Podría
decirse que Las ovejas no pierden el tren
es el primer intento del año de repetir el éxito de las comedias españolas
que dominaron el 2014. No en vano tenemos como protagonistas a Raúl Arévalo e
Inma Cuesta, los grandes triunfadores del año con La Isla mínima y Tres bodas
de más, aunque son solo la punta del iceberg de un reparto coral que
recuerda al caso de La gran familia española.
Sin
embargo, analizada en profundidad, poco de comedia tiene esta amarga historia
sobre el complejo de Peter Pan, en la que tres parejas muy diferentes entre sí
se enfrentarán a sus propios miedos e inseguridades y, sobre todo, a la falta
de madurez ya sea profesional o emocional.
Alberto
y luisa son los que llevan el peso de la historia, una pareja que se niega a
aceptar que está en crisis y que parecen querer huir de sus problemas
trasladándose a una casa en un entorno rural donde él pueda centrarse en su trabajo
como escritor.
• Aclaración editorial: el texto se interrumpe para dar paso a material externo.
(* Let $s_0<s_1<\dots<s_k<\dots$ satisfy $\lim_{k\to\infty}s_k=\infty$ and $s_{k+1}-s_k\le h$ for all $k\ge0$, where $h>0$. For each $k\ge0$ let there be finitely many points $s_k=t^{(k)}_0<t^{(k)}_1<\dots<t^{(k)}_{n_k}=s_{k+1}$. Let $W:[s_0,\infty)\to[0,\infty)$ be absolutely continuous on each interval $[t^{(k)}_j,t^{(k)}_{j+1})$, $0\le j\le n_k-1$, with left limits satisfying $$\lim_{t\uparrow t^{(k)}_j}W(t)\ge W(t^{(k)}_j)\quad\text{for all }k\ge0,\ 1\le j\le n_k.$$ Let $\delta_0>\delta_1>0$ and assume that for all $k\ge0$ and $0\le j\le n_k-1$, $$\dot W(t)\le-2\delta_0W(t)+2\delta_1\sup_{s_k\le\theta\le t}W(\theta)\quad\text{for almost all }t\in[t^{(k)}_j,t^{(k)}_{j+1}).$$ Then $W(t)\le e^{-2\delta_\tau(t-s_0)}W(s_0)$ for all $t\ge s_0$, where $\delta_\tau>0$ is the unique positive solution of $\delta_\tau=\delta_0-\delta_1e^{2\delta_\tau h}$. *)

theory Defs
  imports "HOL-Analysis.Analysis"
begin

definition abs_cont_on :: "(real \<Rightarrow> real) \<Rightarrow> real set \<Rightarrow> bool" where
  "abs_cont_on f I \<longleftrightarrow>
     (\<forall>\<epsilon>>0. \<exists>\<delta>>0. \<forall>(m::nat) (a::nat \<Rightarrow> real) (b::nat \<Rightarrow> real).
        (\<forall>i<m. a i < b i \<and> {a i..b i} \<subseteq> I) \<longrightarrow>
        (\<forall>i<m. \<forall>j<m. i \<noteq> j \<longrightarrow> b i \<le> a j \<or> b j \<le> a i) \<longrightarrow>
        (\<Sum>i<m. b i - a i) < \<delta> \<longrightarrow>
        (\<Sum>i<m. \<bar>f (b i) - f (a i)\<bar>) < \<epsilon>)"

definition delta_tau :: "real \<Rightarrow> real \<Rightarrow> real \<Rightarrow> real" where
  "delta_tau \<delta>0 \<delta>1 h = (THE x. x > 0 \<and> x = \<delta>0 - \<delta>1 * exp (2 * x * h))"

end

theory Submission
  imports Defs
begin

text \<open>
  Write \<open>\<kappa> = 2 \<delta>\<^sub>\<tau>\<close>. On a segment from \<open>c = s\<^sub>k\<close> to \<open>s\<^sub>k\<^sub>+\<^sub>1\<close> compare \<open>W\<close> with the
  envelope \<open>z(y) = (W(c) + \<epsilon>) exp(-\<kappa> (y - c)) + \<epsilon>\<close>. Since \<open>y - c \<le> h\<close>, the equation
  \<open>\<kappa> = 2\<delta>\<^sub>0 - 2\<delta>\<^sub>1 exp(\<kappa> h)\<close> makes \<open>z\<close> a strict supersolution: if \<open>W \<le> z\<close> up to a point
  \<open>p\<close>, then just after \<open>p\<close> (where \<open>W\<close> is uniformly close to \<open>W(p)\<close>) the supremum term is small
  enough that \<open>W - z\<close> has negative derivative wherever it is positive. The derivative is only
  known almost everywhere, but an absolutely continuous function maps null sets to null sets, and
  that suffices to keep \<open>W - z \<le> 0\<close>. The left-limit condition carries the bound across the
  break points; letting \<open>\<epsilon> \<rightarrow> 0\<close> bounds \<open>W\<close> on the segment by \<open>W(c) exp(-\<kappa> (y - c))\<close>, and
  the segment bounds multiply up.
\<close>

section \<open>Absolute continuity\<close>

lemma abs_cont_onI:
  assumes "\<And>\<epsilon>. \<epsilon> > 0 \<Longrightarrow> \<delta> \<epsilon> > 0"
    and "\<And>\<epsilon> (m::nat) (a::nat \<Rightarrow> real) (b::nat \<Rightarrow> real). \<epsilon> > 0 \<Longrightarrow>
      \<forall>i<m. a i < b i \<and> {a i..b i} \<subseteq> I \<Longrightarrow>
      \<forall>i<m. \<forall>j<m. i \<noteq> j \<longrightarrow> b i \<le> a j \<or> b j \<le> a i \<Longrightarrow>
      (\<Sum>i<m. b i - a i) < \<delta> \<epsilon> \<Longrightarrow> (\<Sum>i<m. \<bar>f (b i) - f (a i)\<bar>) < \<epsilon>"
  shows "abs_cont_on f I"
  unfolding abs_cont_on_def
proof (intro allI impI)
  fix \<epsilon> :: real assume "\<epsilon> > 0"
  then show "\<exists>\<delta>>0. \<forall>(m::nat) (a::nat \<Rightarrow> real) (b::nat \<Rightarrow> real).
      (\<forall>i<m. a i < b i \<and> {a i..b i} \<subseteq> I) \<longrightarrow>
      (\<forall>i<m. \<forall>j<m. i \<noteq> j \<longrightarrow> b i \<le> a j \<or> b j \<le> a i) \<longrightarrow>
      (\<Sum>i<m. b i - a i) < \<delta> \<longrightarrow> (\<Sum>i<m. \<bar>f (b i) - f (a i)\<bar>) < \<epsilon>"
    using assms by (intro exI[of _ "\<delta> \<epsilon>"] conjI) blast+
qed

lemma abs_cont_onE:
  assumes "abs_cont_on f I"
  obtains \<delta> where "\<And>\<epsilon>. \<epsilon> > 0 \<Longrightarrow> \<delta> \<epsilon> > 0"
    and "\<And>\<epsilon> (m::nat) (a::nat \<Rightarrow> real) (b::nat \<Rightarrow> real). \<epsilon> > 0 \<Longrightarrow>
      \<forall>i<m. a i < b i \<and> {a i..b i} \<subseteq> I \<Longrightarrow>
      \<forall>i<m. \<forall>j<m. i \<noteq> j \<longrightarrow> b i \<le> a j \<or> b j \<le> a i \<Longrightarrow>
      (\<Sum>i<m. b i - a i) < \<delta> \<epsilon> \<Longrightarrow> (\<Sum>i<m. \<bar>f (b i) - f (a i)\<bar>) < \<epsilon>"
proof -
  from assms have "\<exists>\<delta>. \<forall>\<epsilon>>0. \<delta> \<epsilon> > 0 \<and> (\<forall>(m::nat) (a::nat \<Rightarrow> real) (b::nat \<Rightarrow> real).
      (\<forall>i<m. a i < b i \<and> {a i..b i} \<subseteq> I) \<longrightarrow>
      (\<forall>i<m. \<forall>j<m. i \<noteq> j \<longrightarrow> b i \<le> a j \<or> b j \<le> a i) \<longrightarrow>
      (\<Sum>i<m. b i - a i) < \<delta> \<epsilon> \<longrightarrow> (\<Sum>i<m. \<bar>f (b i) - f (a i)\<bar>) < \<epsilon>)"
    unfolding abs_cont_on_def by (rule choice_iff'[THEN iffD1])
  then obtain \<delta> where \<delta>: "\<forall>\<epsilon>>0. \<delta> \<epsilon> > 0 \<and> (\<forall>(m::nat) (a::nat \<Rightarrow> real) (b::nat \<Rightarrow> real).
      (\<forall>i<m. a i < b i \<and> {a i..b i} \<subseteq> I) \<longrightarrow>
      (\<forall>i<m. \<forall>j<m. i \<noteq> j \<longrightarrow> b i \<le> a j \<or> b j \<le> a i) \<longrightarrow>
      (\<Sum>i<m. b i - a i) < \<delta> \<epsilon> \<longrightarrow> (\<Sum>i<m. \<bar>f (b i) - f (a i)\<bar>) < \<epsilon>)" ..
  show ?thesis
    by (rule that[of \<delta>]) (use \<delta> in blast)+
qed

lemma abs_cont_on_subset:
  assumes "abs_cont_on f J" "I \<subseteq> J"
  shows "abs_cont_on f I"
proof -
  obtain \<delta> where "\<And>\<epsilon>. \<epsilon> > 0 \<Longrightarrow> \<delta> \<epsilon> > 0"
    and \<delta>: "\<And>\<epsilon> (m::nat) (a::nat \<Rightarrow> real) (b::nat \<Rightarrow> real). \<epsilon> > 0 \<Longrightarrow>
      \<forall>i<m. a i < b i \<and> {a i..b i} \<subseteq> J \<Longrightarrow>
      \<forall>i<m. \<forall>j<m. i \<noteq> j \<longrightarrow> b i \<le> a j \<or> b j \<le> a i \<Longrightarrow>
      (\<Sum>i<m. b i - a i) < \<delta> \<epsilon> \<Longrightarrow> (\<Sum>i<m. \<bar>f (b i) - f (a i)\<bar>) < \<epsilon>"
    using abs_cont_onE[OF assms(1)] by blast
  show ?thesis
  proof (rule abs_cont_onI[of \<delta>])
    fix \<epsilon> :: real and m :: nat and a b :: "nat \<Rightarrow> real"
    assume "\<epsilon> > 0" and "\<forall>i<m. a i < b i \<and> {a i..b i} \<subseteq> I"
      and disj: "\<forall>i<m. \<forall>j<m. i \<noteq> j \<longrightarrow> b i \<le> a j \<or> b j \<le> a i"
      and len: "(\<Sum>i<m. b i - a i) < \<delta> \<epsilon>"
    with assms(2) have "\<forall>i<m. a i < b i \<and> {a i..b i} \<subseteq> J" by blast
    from \<delta>[OF \<open>\<epsilon> > 0\<close> this disj len] show "(\<Sum>i<m. \<bar>f (b i) - f (a i)\<bar>) < \<epsilon>" .
  qed fact
qed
Cerca de ellos se encuentra Sara, la hermana de Luisa, en eterna
búsqueda del amor perfecto y que cree encontrarlo en la figura de un periodista
deportivo, y Juan, hermano de Alberto, que pretende superar el dolor de su
divorcio con una relación con una chica veinte años más joven que él.
Pero
más allá de los enredos y situaciones equívocas que puedan ocasionar estas tres
parejas y que ofrecen los alivios cómicos del film, lo cierto es que el retrato
de una generación, la que se pierde en la frontera de los cuarenta, resulta
definitivamente agridulce, teniendo más consistencia el sabor de las rupturas
sentimentales que el aroma de los nuevos amores, y acariciando de refilón otros
temas de no menos importancia como los problemas económicos, la soledad de los
padres mayores o incluso la enfermedad (maravillosa la interpretación de Miguel
Rellán como un hombre afectado de Alzheimer).
No
podemos hablar de una película redonda, quizá ni siquiera a la altura de alguna
de las comedias costumbristas que sedujeron a la taquilla el año pasado (es
inevitable añadir a las ya mencionadas a Ocho
apellidos vascos), sobre todo porque no todo el mundo va a aceptar de buen
grado que la película carezca del humor suficiente que se presupone con su
promoción, pero el carisma de sus intérpretes es suficiente para llevar el film
a buen puerto, dejarse engañar por el regusto optimista de su conclusión y hasta
sabernos reconocer reflejados en los espejos de alguno de los personajes que
pululan por pantalla.
Tan
tópica como simpática, Las ovejas no pierden el tren no va a suponer un futuro
referente para la filmografía española, pero tampoco la desmerece en absoluto.